I think "passionate" is the best word to describe Mary, which makes her such a great writer and a great person. I hope she inspires you to think about writing in new ways and to feel comfortable challenging yourself with things you wouldn't have tried otherwise. Enjoy the rest of the week!
I agree with you, Emily. And writing humor is so hard! I have a renewed appreciation for student writers that can add humor and still develop their overall message.
At today's 3rd hour Writer's Week presentation, I watched many different students share writing about various different topics. I really liked them all, and noticed how passionate they all were about both their writing and the topic they wrote about. Many incorporated humor, and while some were sad, they were still very cool to listen to.
Taylor is one of a kind, and I'm so glad you got to see him perform today!
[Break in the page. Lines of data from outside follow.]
lemma measure_PiM_prod_emb:
  assumes "\<And>i. i \<in> I \<Longrightarrow> prob_space (M i)" "J \<subseteq> I" "finite J"
    "\<And>i. i \<in> J \<Longrightarrow> A i \<in> sets (M i)"
  shows "measure (PiM I M) (prod_emb I M J (PiE J A)) = (\<Prod>i\<in>J. measure (M i) (A i))"
proof -
  interpret prob_space "PiM I M" using assms(1) by (rule prob_space_PiM)
  have "emeasure (M i) (A i) = ennreal (measure (M i) (A i))" if "i \<in> J" for i
    using assms(1) \<open>J \<subseteq> I\<close> that by (simp add: prob_space_def finite_measure.emeasure_eq_measure subset_eq)
  then have "ennreal (measure (PiM I M) (prod_emb I M J (PiE J A)))
      = (\<Prod>i\<in>J. ennreal (measure (M i) (A i)))"
    using assms by (simp add: emeasure_eq_measure[symmetric] emeasure_PiM_emb)
  then show ?thesis by (simp add: prod_ennreal prod_nonneg)
qed

lemma measure_PiM_PiE:
  assumes "\<And>i. i \<in> I \<Longrightarrow> prob_space (M i)" "finite I" "\<And>i. i \<in> I \<Longrightarrow> A i \<in> sets (M i)"
  shows "measure (PiM I M) (PiE I A) = (\<Prod>i\<in>I. measure (M i) (A i))"
  using measure_PiM_prod_emb[OF assms(1) order_refl assms(2,3)] assms(3)
  by (simp add: sets.sets_into_space)

lemma measure_PiM_two_components:
  assumes "\<And>i. i \<in> I \<Longrightarrow> prob_space (M i)" "i \<in> I" "j \<in> I" "i \<noteq> j"
    "A \<in> sets (M i)" "B \<in> sets (M j)"
  shows "measure (PiM I M) {x \<in> space (PiM I M). x i \<in> A \<and> x j \<in> B}
       = measure (M i) A * measure (M j) B"
proof -
  let ?F = "\<lambda>k. if k = i then A else B"
  have "{x \<in> space (PiM I M). x i \<in> A \<and> x j \<in> B} = prod_emb I M {i, j} (PiE {i, j} ?F)"
    using assms(2-4) by (auto simp: prod_emb_def space_PiM)
  also have "measure (PiM I M) \<dots> = (\<Prod>k\<in>{i, j}. measure (M k) (?F k))"
    using assms by (intro measure_PiM_prod_emb) auto
  finally show ?thesis using assms(4) by simp
qed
Love that one, too, Meghana!
I'm in 8th period English, so I was able to watch Taylor Mali perform an assortment of really amazing poems. My favorite would have to be "Passive Aggressive", and I loved how he started with one topic, divulged into a completely different one, and then tied it all back together at the end ("gay baby whales" was also a plus). He presented with a strong, clear voice and I admire how he was able to eliminate many filler words when talking (e.g., "um", "like", "uh") so that his non-poem stories and normal speech adopted a unique, poetic quality of their own. His final poem, "The The Impotence of Proofreading" was absolutely hilarious and a very apt way to end off the evening. During my lunch period, I was also able to hear some of Rebecca Makkai's writing advice today. Her anecdote on how, in high school, she experienced a great temptation to write very descriptive stories that centered more on large themes and internal change rather than plot and external change, particularly resonated with me because I have the same habit. From her thoughts and advice, I learned how to better write an interesting story by combining both inner and external conflict.